What is being asked: Your answer should be one number: how many lines of the records hold the string "exists".

= = = = = = =

lemma compatible_subspaces_cases [consumes 6]:
  assumes s: "\<forall>A\<in>s. subspace A" "chain\<^sub>\<subseteq> s"
    and E: "finite E" "E \<noteq> {}" "E \<subseteq> {..dimension}" "E \<inter> dim ` s = {}"
  obtains (interval) A' B' where "subspace A'" "subspace B'" "A' \<subseteq> B'" "E \<subseteq> {dim A'..dim B'}"
      "compatible_subspaces s E = subspaces_between A' B' E"
    | (split) A where "A \<in> s"
      "compatible_subspaces s E
        = compatible_subspaces s {e \<in> E. e < dim A} \<union> compatible_subspaces s {e \<in> E. dim A < e}"
      "compatible_subspaces s {e \<in> E. e < dim A} \<noteq> {}"
      "compatible_subspaces s {e \<in> E. dim A < e} \<noteq> {}"
proof (cases "\<exists>A\<in>s. Min E < dim A \<and> dim A < Max E")
  case True
  then obtain A where A: "A \<in> s" "Min E < dim A" "dim A < Max E"
    by blast
  have "Min E \<in> E" "Max E \<in> E"
    using E(1,2) by simp_all
  then have lo: "Min E \<in> {e \<in> E. e < dim A}" "Min E \<le> dimension" "Min E \<notin> dim ` s"
    and hi: "Max E \<in> {e \<in> E. dim A < e}" "Max E \<le> dimension" "Max E \<notin> dim ` s"
    using A E(3,4) by auto
  have "compatible_subspaces s {e \<in> E. e < dim A} \<noteq> {}"
    "compatible_subspaces s {e \<in> E. dim A < e} \<noteq> {}"
    by (rule compatible_subspaces_nonempty[OF s lo], rule compatible_subspaces_nonempty[OF s hi])
  moreover have "dim A \<notin> E"
    using A(1) E(4) by blast
  ultimately show ?thesis
    using split[OF A(1) compatible_subspaces_split[OF A(1)]] by blast
next
  case False
  have MinMax: "Min E \<in> E" "Max E \<in> E" "Min E \<le> Max E"
    using E(1,2) by simp_all
  have gap: "\<forall>A\<in>s. dim A < Min E \<or> Max E < dim A"
  proof
    fix A assume "A \<in> s"
    then have "dim A \<notin> E"
      using E(4) by blast
    then have "dim A \<noteq> Min E" "dim A \<noteq> Max E"
      using MinMax by auto
    then show "dim A < Min E \<or> Max E < dim A"
      using False \<open>A \<in> s\<close> by (auto simp: linorder_neq_iff)
  qed
  have "E \<subseteq> {Min E..Max E}" "Max E \<le> dimension"
    using E(1,3) MinMax(2) by auto
  then obtain A' B' where "subspace A'" "subspace B'" "A' \<subseteq> B'" "E \<subseteq> {dim A'..dim B'}"
      "compatible_subspaces s E = subspaces_between A' B' E"
    using compatible_subspaces_interval[OF s _ MinMax(3) _ gap] by metis
  then show ?thesis
    by (rule interval)
qed

lemma connected_compatible_subspaces:
  assumes s: "\<forall>A\<in>s. subspace A" "chain\<^sub>\<subseteq> s"
    and E: "2 \<le> card E" "E \<subseteq> {..dimension}" "E \<inter> dim ` s = {}"
  shows "incidence.connected_on (compatible_subspaces s E)"
proof -
  have "finite E" "E \<noteq> {}"
    using E(1) by (auto intro: card_ge_0_finite)
  from s this E(2,3) show ?thesis
  proof (cases rule: compatible_subspaces_cases)
    case (interval A' B')
    then show ?thesis
      using connected_subspaces_between[OF interval(1-3) E(1) interval(4)] by simp
  next
    case (split A)
    then obtain L U where "L \<in> compatible_subspaces s {e \<in> E. e < dim A}"
      "U \<in> compatible_subspaces s {e \<in> E. dim A < e}"
      by blast
    then show ?thesis
      unfolding split(2) using compatible_subspaces_split_incident[OF split(1)]
      by (rule incidence.connected_on_join)
  qed
qed

lemma compatible_subspaces_split_connected:
  assumes s: "\<forall>A\<in>s. subspace A" "chain\<^sub>\<subseteq> s" and "A \<in> s"
    and E: "3 \<le> card E" "E \<subseteq> {..dimension}" "E \<inter> dim ` s = {}"
  shows "incidence.connected_on (compatible_subspaces s {e \<in> E. e < dim A})
    \<or> incidence.connected_on (compatible_subspaces s {e \<in> E. dim A < e})"
proof -
  have "finite E"
    using E(1) by (auto intro: card_ge_0_finite)
  moreover have "E - {dim A} = E"
    using \<open>A \<in> s\<close> E(3) by blast
  ultimately have "card {e \<in> E. e < dim A} + card {e \<in> E. dim A < e} = card E"
    using card_less_plus_card_greater by metis
  then have "2 \<le> card {e \<in> E. e < dim A} \<or> 2 \<le> card {e \<in> E. dim A < e}"
    using E(1) by linarith
  moreover have "incidence.connected_on (compatible_subspaces s E')"
    if "2 \<le> card E'" "E' \<subseteq> E" for E'
  proof (rule connected_compatible_subspaces[OF s that(1)])
    show "E' \<subseteq> {..dimension}" "E' \<inter> dim ` s = {}"
      using that(2) E(2,3) by blast+
  qed
  ultimately show ?thesis
    by blast
qed

theorem coboundary_on_compatible_subspaces:
  assumes s: "\<forall>A\<in>s. subspace A" "chain\<^sub>\<subseteq> s"
    and E: "3 \<le> card E" "E \<subseteq> {..dimension}" "E \<inter> dim ` s = {}"
    and alt: "incidence.alternating_on (compatible_subspaces s E) f"
    and cyc: "incidence.cocycle_on (compatible_subspaces s E) f"
  shows "incidence.coboundary_on (compatible_subspaces s E) f"
proof -
  have "finite E" "E \<noteq> {}"
    using E(1) by (auto intro: card_ge_0_finite)
  from s this E(2,3) show ?thesis
  proof (cases rule: compatible_subspaces_cases)
    case (interval A' B')
    then show ?thesis
      using coboundary_on_subspaces_between[OF interval(1-3) E(1) interval(4)] alt cyc by simp
  next
    case (split A)
    let ?Lo = "compatible_subspaces s {e \<in> E. e < dim A}"
      and ?Hi = "compatible_subspaces s {e \<in> E. dim A < e}"
    obtain L U where LU: "L \<in> ?Lo" "U \<in> ?Hi"
      using split(3,4) by blast
    have inc: "incident L' U'" "incident U' L'" if "L' \<in> ?Lo" "U' \<in> ?Hi" for L' U'
      using compatible_subspaces_split_incident[OF split(1)] incidence.adj_sym that by blast+
    from compatible_subspaces_split_connected[OF s split(1) E] show ?thesis
    proof
      assume "incidence.connected_on ?Lo"
      then show ?thesis
        using alt cyc unfolding split(2) Un_commute[of ?Lo]
        by (intro incidence.coboundary_on_join[OF _ _ LU(2) LU(1)] inc(2))
    next
      assume "incidence.connected_on ?Hi"
      then show ?thesis
        using alt cyc unfolding split(2)
        by (intro incidence.coboundary_on_join[OF _ _ LU(1) LU(2)] inc(1))
    qed
  qed
qed

end

interpretation vec: subspace_incidence "(*s) :: 'a::field \<Rightarrow> 'a ^ 'n \<Rightarrow> 'a ^ 'n" cart_basis ..

lemma face_subspace_chain:
  assumes "face S t"
  shows "\<forall>W\<in>t. vec.subspace W" "vec.dim ` t \<subseteq> S" "chain\<^sub>\<subseteq> t"
proof -
  obtain F where F: "top_face S F" "t \<subseteq> F"
    using assms unfolding face_def by blast
  then have "\<forall>W\<in>F. vec.subspace W" "vec.dim ` F = S" "chain\<^sub>\<subseteq> F"
    unfolding top_face_def chain_subset_def by (simp_all add: bij_betw_imp_surj_on)
  then show "\<forall>W\<in>t. vec.subspace W" "vec.dim ` t \<subseteq> S" "chain\<^sub>\<subseteq> t"
    using F(2) image_mono[OF F(2), of vec.dim] unfolding chain_subset_def by auto
qed

lemma subspace_chain_is_face:
  fixes t :: "('a::field ^ 'n) set set"
  assumes S: "S \<subseteq> {..CARD('n)}" and t: "\<forall>W\<in>t. vec.subspace W" "vec.dim ` t \<subseteq> S" "chain\<^sub>\<subseteq> t"
  shows "face S t"
  using t unfolding face_def
proof (induction "card (S - vec.dim ` t)" arbitrary: t rule: less_induct)
  case less
  have "finite S"
    by (rule finite_subset[OF S]) simp
  show ?case
  proof (cases "S \<subseteq> vec.dim ` t")
    case True
    have "inj_on vec.dim t"
      by (rule vec.inj_on_dim_subspace_chain[OF less.prems(1,3)])
    moreover have "vec.dim ` t = S"
      by (rule subset_antisym[OF less.prems(2) True])
    ultimately have "top_face S t"
      using less.prems(1,3) unfolding top_face_def bij_betw_def chain_subset_def by simp
    then show ?thesis by blast
  next
    case False
    then obtain e where e: "e \<in> S" "e \<notin> vec.dim ` t" by blast
    have "e \<le> CARD('n)"
      using e(1) S by auto
    then have "vec.compatible_subspaces t {e} \<noteq> {}"
      using vec.compatible_subspaces_nonempty[OF less.prems(1,3) singletonI _ e(2)]
      by (simp add: vec.dimension_def card_cart_basis)
    then obtain W where W: "vec.subspace W" "vec.dim W = e" "\<forall>A\<in>t. A \<subseteq> W \<or> W \<subseteq> A"
      unfolding vec.compatible_subspaces_def by blast
    let ?t = "insert W t"
    have "S - vec.dim ` ?t = (S - vec.dim ` t) - {e}"
      unfolding image_insert W(2) by (rule Diff_insert)
    then have "card (S - vec.dim ` ?t) < card (S - vec.dim ` t)"
      using card_Diff1_less[of "S - vec.dim ` t" e] e \<open>finite S\<close> by simp
    moreover have "\<forall>W\<in>?t. vec.subspace W" "vec.dim ` ?t \<subseteq> S"
      using W(1,2) e(1) less.prems(1,2) by simp_all
    moreover have "chain\<^sub>\<subseteq> ?t"
      using W(3) less.prems(3) unfolding chain_subset_def by blast
    ultimately have "\<exists>F. top_face S F \<and> ?t \<subseteq> F"
      by (rule less.hyps)
    then show ?thesis by blast
  qed
qed

lemma chain_in_link:
  fixes s :: "('a::field ^ 'n) set set"
  assumes S: "S \<subseteq> {..CARD('n)}" and s: "face S s"
    and T: "T \<subseteq> vec.compatible_subspaces s (S - vec.dim ` s)" "chain\<^sub>\<subseteq> T"
  shows "T \<in> link S s"
proof -
  note s_chain = face_subspace_chain[OF s]
  have T_compatible: "vec.subspace W" "vec.dim W \<in> S" "vec.dim W \<notin> vec.dim ` s"
    "\<forall>A\<in>s. A \<subseteq> W \<or> W \<subseteq> A" if "W \<in> T" for W
    using that T(1) unfolding vec.compatible_subspaces_def by auto
  have "face S (s \<union> T)"
  proof (rule subspace_chain_is_face[OF S])
    show "\<forall>W\<in>s \<union> T. vec.subspace W"
      using s_chain(1) T_compatible(1) by blast
    show "vec.dim ` (s \<union> T) \<subseteq> S"
      using s_chain(2) T_compatible(2) by (auto simp: image_subset_iff)
    show "chain\<^sub>\<subseteq> (s \<union> T)"
      using s_chain(3) T(2) T_compatible(4) unfolding chain_subset_def by blast
  qed
  moreover have "(s \<union> T) - s = T"
    using T_compatible(3) by (auto simp: image_iff)
  ultimately show ?thesis
    unfolding link_def by (intro CollectI exI[of _ "s \<union> T"]) simp
qed

lemma link_edgeD:
  fixes s :: "('a::field ^ 'n) set set"
  assumes "link_edge S s u v"
  shows "u \<in> vec.compatible_subspaces s (S - vec.dim ` s)"
    "v \<in> vec.compatible_subspaces s (S - vec.dim ` s)" "incident u v"
proof -
  obtain t where t: "face S t" "s \<subseteq> t" "{u, v} = t - s" and "u \<noteq> v"
    using assms unfolding link_edge_def link_def by auto
  note t_chain = face_subspace_chain[OF t(1)]
  have "x \<in> vec.compatible_subspaces s (S - vec.dim ` s)" if x: "x \<in> t - s" for x
  proof -
    have "vec.dim x \<notin> vec.dim ` s"
    proof
      assume "vec.dim x \<in> vec.dim ` s"
      then obtain A where "A \<in> s" "vec.dim x = vec.dim A"
        by auto
      then have "x = A"
        using inj_onD[OF vec.inj_on_dim_subspace_chain[OF t_chain(1,3)]] x t(2) by blast
      then show False
        using x \<open>A \<in> s\<close> by simp
    qed
    moreover have "vec.dim x \<in> S"
      using x t_chain(2) by (auto simp: image_subset_iff)
    ultimately show ?thesis
      using x t(2) t_chain(1,3) unfolding vec.compatible_subspaces_def chain_subset_def by blast
  qed
  then show "u \<in> vec.compatible_subspaces s (S - vec.dim ` s)"
    "v \<in> vec.compatible_subspaces s (S - vec.dim ` s)"
    using t(3) by auto
  show "incident u v"
    using \<open>u \<noteq> v\<close> t(3) t_chain(3) unfolding incident_def chain_subset_def by blast
qed

lemma card_link_dims:
  fixes s :: "('a::field ^ 'n) set set"
  assumes "finite S" "face S s"
  shows "card (S - vec.dim ` s) = card S - card s"
proof -
  note s = face_subspace_chain[OF assms(2)]
  have "card (S - vec.dim ` s) = card S - card (vec.dim ` s)"
    by (rule card_Diff_subset[OF finite_subset[OF s(2) assms(1)] s(2)])
  also have "card (vec.dim ` s) = card s"
    by (rule card_image[OF vec.inj_on_dim_subspace_chain[OF s(1,3)]])
  finally show ?thesis .
qed

lemma alternating_on_link:
  fixes s :: "('a::field ^ 'n) set set"
  assumes S: "S \<subseteq> {..CARD('n)}" and s: "face S s" and f: "cochain1 S s f"
  shows "incidence.alternating_on (vec.compatible_subspaces s (S - vec.dim ` s)) f"
  unfolding incidence.alternating_on_def
proof (intro ballI impI)
  fix u v assume uv: "u \<in> vec.compatible_subspaces s (S - vec.dim ` s)"
    "v \<in> vec.compatible_subspaces s (S - vec.dim ` s)" "incident u v"
  have "chain\<^sub>\<subseteq> {u, v}"
    using uv(3) unfolding incident_def chain_subset_def by auto
  then have "{u, v} \<in> link S s"
    using chain_in_link[OF S s] uv(1,2) by simp
  then show "f u v = - f v u"
    using f uv(3) unfolding cochain1_def link_edge_def incident_def by blast
qed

= = = = = = =

Exercise result: 2